lemma balanced_line_counts_eq:
  fixes V :: "(real^'n) multiset" and v :: "real^'n"
  assumes bal: "balanced V"
  defines "L \<equiv> filter_mset (\<lambda>u. u \<in> range (\<lambda>t. t *\<^sub>R v)) V"
  shows "pos_count (\<lambda>u. v \<bullet> u) L = neg_count (\<lambda>u. v \<bullet> u) L"
proof -
  define W where "W = filter_mset (\<lambda>u. u \<notin> range (\<lambda>t. t *\<^sub>R v)) V"
  have V: "V = L + W"
    by (simp add: L_def W_def multiset_partition[symmetric])
  have "u \<notin> range (\<lambda>t. t *\<^sub>R v)" if "u \<in># W" for u
    using that by (simp add: W_def)
  then obtain a where a: "a \<bullet> v = 0" "\<forall>u\<in>#W. a \<bullet> u \<noteq> 0"
    using exists_orthogonal_avoiding[of "set_mset W" v] by blast
  obtain e where "e > 0" and e: "\<forall>u\<in>#W. e * \<bar>v \<bullet> u\<bar> < \<bar>a \<bullet> u\<bar>"
    using exists_uniform_small_factor[of "set_mset W" "\<lambda>u. \<bar>a \<bullet> u\<bar>" "\<lambda>u. v \<bullet> u"] a(2)
    by force
  define fp where "fp x = (a + e *\<^sub>R v) \<bullet> x" for x
  define fm where "fm x = (a - e *\<^sub>R v) \<bullet> x" for x
  have "linear fp" "linear fm"
    unfolding fp_def fm_def by (simp_all add: linear_iff inner_add_right)
  then have fp_bal: "pos_count fp V = neg_count fp V" and fm_bal: "pos_count fm V = neg_count fm V"
    using bal by (simp_all add: balanced_def)
  have "sgn (fp u) = sgn (a \<bullet> u)" "sgn (fm u) = sgn (a \<bullet> u)" if "u \<in># W" for u
  proof -
    have "\<bar>e * (v \<bullet> u)\<bar> < \<bar>a \<bullet> u\<bar>"
      using e that \<open>e > 0\<close> by (simp add: abs_mult)
    then show "sgn (fp u) = sgn (a \<bullet> u)" "sgn (fm u) = sgn (a \<bullet> u)"
      using sgn_add_small[of "e * (v \<bullet> u)"] sgn_add_small[of "- (e * (v \<bullet> u))"]
      by (simp_all add: fp_def fm_def inner_add_left inner_diff_left)
  qed
  then have W_counts: "pos_count fp W = pos_count fm W" "neg_count fp W = neg_count fm W"
    using counts_eq_if_same_sign[of W fp "\<lambda>u. a \<bullet> u"] counts_eq_if_same_sign[of W fm "\<lambda>u. a \<bullet> u"]
    by simp_all
  have "sgn (fp u) = sgn (v \<bullet> u)" "sgn (fm u) = - sgn (v \<bullet> u)" if "u \<in># L" for u
  proof -
    from that obtain t where "u = t *\<^sub>R v"
      by (auto simp: L_def)
    then have "fp u = e * (v \<bullet> u)" "fm u = - (e * (v \<bullet> u))"
      using a(1) by (simp_all add: fp_def fm_def inner_add_left inner_diff_left)
    then show "sgn (fp u) = sgn (v \<bullet> u)" "sgn (fm u) = - sgn (v \<bullet> u)"
      using \<open>e > 0\<close> by (simp_all add: sgn_mult sgn_minus)
  qed
  then have "pos_count fp L = pos_count (\<lambda>u. v \<bullet> u) L"
      "neg_count fp L = neg_count (\<lambda>u. v \<bullet> u) L"
      "pos_count fm L = neg_count (\<lambda>u. v \<bullet> u) L"
      "neg_count fm L = pos_count (\<lambda>u. v \<bullet> u) L"
    using counts_eq_if_same_sign[of L fp] counts_swap_if_opposite_sign[of L fm] by simp_all
  then show ?thesis
    using fp_bal fm_bal W_counts unfolding V by simp
qed

lemma balanced_contains_negative_multiple:
  fixes V :: "(real^'n) multiset"
  assumes "balanced V" "v \<in># V" "v \<noteq> 0"
  obtains c where "c > 0" "- (c *\<^sub>R v) \<in># V"
proof -
  define L where "L = filter_mset (\<lambda>u. u \<in> range (\<lambda>t. t *\<^sub>R v)) V"
  have "pos_count (\<lambda>u. v \<bullet> u) L = neg_count (\<lambda>u. v \<bullet> u) L"
    using balanced_line_counts_eq[OF assms(1)] by (simp add: L_def)
  moreover have "v \<in># filter_mset (\<lambda>u. v \<bullet> u > 0) L"
    using assms(2,3) by (auto simp: L_def intro: range_eqI[of _ _ 1])
  ultimately have "filter_mset (\<lambda>u. v \<bullet> u < 0) L \<noteq> {#}"
    unfolding pos_count_def neg_count_def by (metis empty_iff set_mset_empty size_eq_0_iff_empty)
  then obtain u where "u \<in># L" "v \<bullet> u < 0"
    by fastforce
  then obtain t where "u \<in># V" "u = t *\<^sub>R v" "t * (v \<bullet> v) < 0"
    by (auto simp: L_def)
  moreover from this have "t < 0"
    using inner_ge_zero[of v] by (simp add: mult_less_0_iff)
  ultimately show ?thesis
    using that[of "- t"] by simp
qed

lemma balanced_split_opposite_pair:
  fixes V :: "(real^'n) multiset"
  assumes "balanced V" "v \<in># V" "v \<noteq> 0"
  obtains c V' where "c > 0" "V = V' + {#v, - (c *\<^sub>R v)#}" "balanced V'"
proof -
  obtain c where "c > 0" and w_in: "- (c *\<^sub>R v) \<in># V"
    using balanced_contains_negative_multiple[OF assms] by blast
  define w where "w = - (c *\<^sub>R v)"
  have "(1 + c) *\<^sub>R v \<noteq> 0"
    using \<open>c > 0\<close> \<open>v \<noteq> 0\<close> by simp
  then have "w \<noteq> v"
    unfolding w_def by (metis add.commute neg_eq_iff_add_eq_0 scaleR_left_distrib scaleR_one)
  then have "{#v, w#} \<subseteq># V"
    using assms(2) w_in by (simp add: w_def insert_subset_eq_iff in_diff_count)
  then have V: "V = (V - {#v, w#}) + {#v, w#}"
    by (metis subset_mset.diff_add)
  moreover have "balanced {#v, w#}"
    unfolding w_def using \<open>c > 0\<close> by (rule balanced_opposite_pair)
  ultimately have "balanced (V - {#v, w#})"
    using assms(1) balanced_diff by metis
  with V \<open>c > 0\<close> show ?thesis
    using that unfolding w_def by blast
qed

lemma cs_up_to_rescaling_add_opposite_pair:
  fixes v :: "real^'n"
  assumes "cs_up_to_rescaling V" "v \<noteq> 0" "c > 0"
  shows "cs_up_to_rescaling (V + {#v, - (c *\<^sub>R v)#})"
proof -
  obtain P :: "((real^'n) \<times> (real^'n)) multiset"
    where P: "\<forall>p \<in># P. fst p \<noteq> 0 \<and> (\<exists>c>0. snd p = - (c *\<^sub>R fst p))"
      and P_nonzero: "filter_mset (\<lambda>v. v \<noteq> 0) V = image_mset fst P + image_mset snd P"
    using assms(1) unfolding cs_up_to_rescaling_def by blast
  show ?thesis
    unfolding cs_up_to_rescaling_def
  proof (intro exI[of _ "add_mset (v, - (c *\<^sub>R v)) P"] conjI)
    show "\<forall>p \<in># add_mset (v, - (c *\<^sub>R v)) P. fst p \<noteq> 0 \<and> (\<exists>c>0. snd p = - (c *\<^sub>R fst p))"
      using P assms(2,3) by auto
    show "filter_mset (\<lambda>v. v \<noteq> 0) (V + {#v, - (c *\<^sub>R v)#}) =
        image_mset fst (add_mset (v, - (c *\<^sub>R v)) P) + image_mset snd (add_mset (v, - (c *\<^sub>R v)) P)"
      using P_nonzero assms(2,3) by simp
  qed
qed

lemma balanced_imp_cs_up_to_rescaling:
  fixes V :: "(real^'n) multiset"
  shows "balanced V \<Longrightarrow> cs_up_to_rescaling V"
proof (induction "size V" arbitrary: V rule: less_induct)
  case less
  show ?case
  proof (cases "\<exists>v. v \<in># V \<and> v \<noteq> 0")
    case False
    then have "filter_mset (\<lambda>v. v \<noteq> 0) V = {#}"
      by auto
    then show ?thesis
      unfolding cs_up_to_rescaling_def by (intro exI[of _ "{#}"]) simp
  next
    case True
    then obtain v where "v \<in># V" "v \<noteq> 0"
      by blast
    then obtain c V' where "c > 0" and V: "V = V' + {#v, - (c *\<^sub>R v)#}" and "balanced V'"
      using balanced_split_opposite_pair[OF less.prems] by blast
    moreover have "size V' < size V"
      by (simp add: V)
    ultimately show ?thesis
      using less.hyps \<open>v \<noteq> 0\<close> cs_up_to_rescaling_add_opposite_pair by metis
  qed
qed

theorem mainTheorem9:
  fixes V :: "(real^'n) multiset"
  shows "DD V = 0 \<longleftrightarrow> cs_up_to_rescaling V"
  using DD_eq_0_iff_balanced balanced_imp_cs_up_to_rescaling cs_up_to_rescaling_imp_balanced
  by blast

end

### ABOUT THIS EXERCISE
Whenever a line holds "lemma", it counts; state the total for the records and add nothing.

### SOLUTION TO THIS PROBLEM
5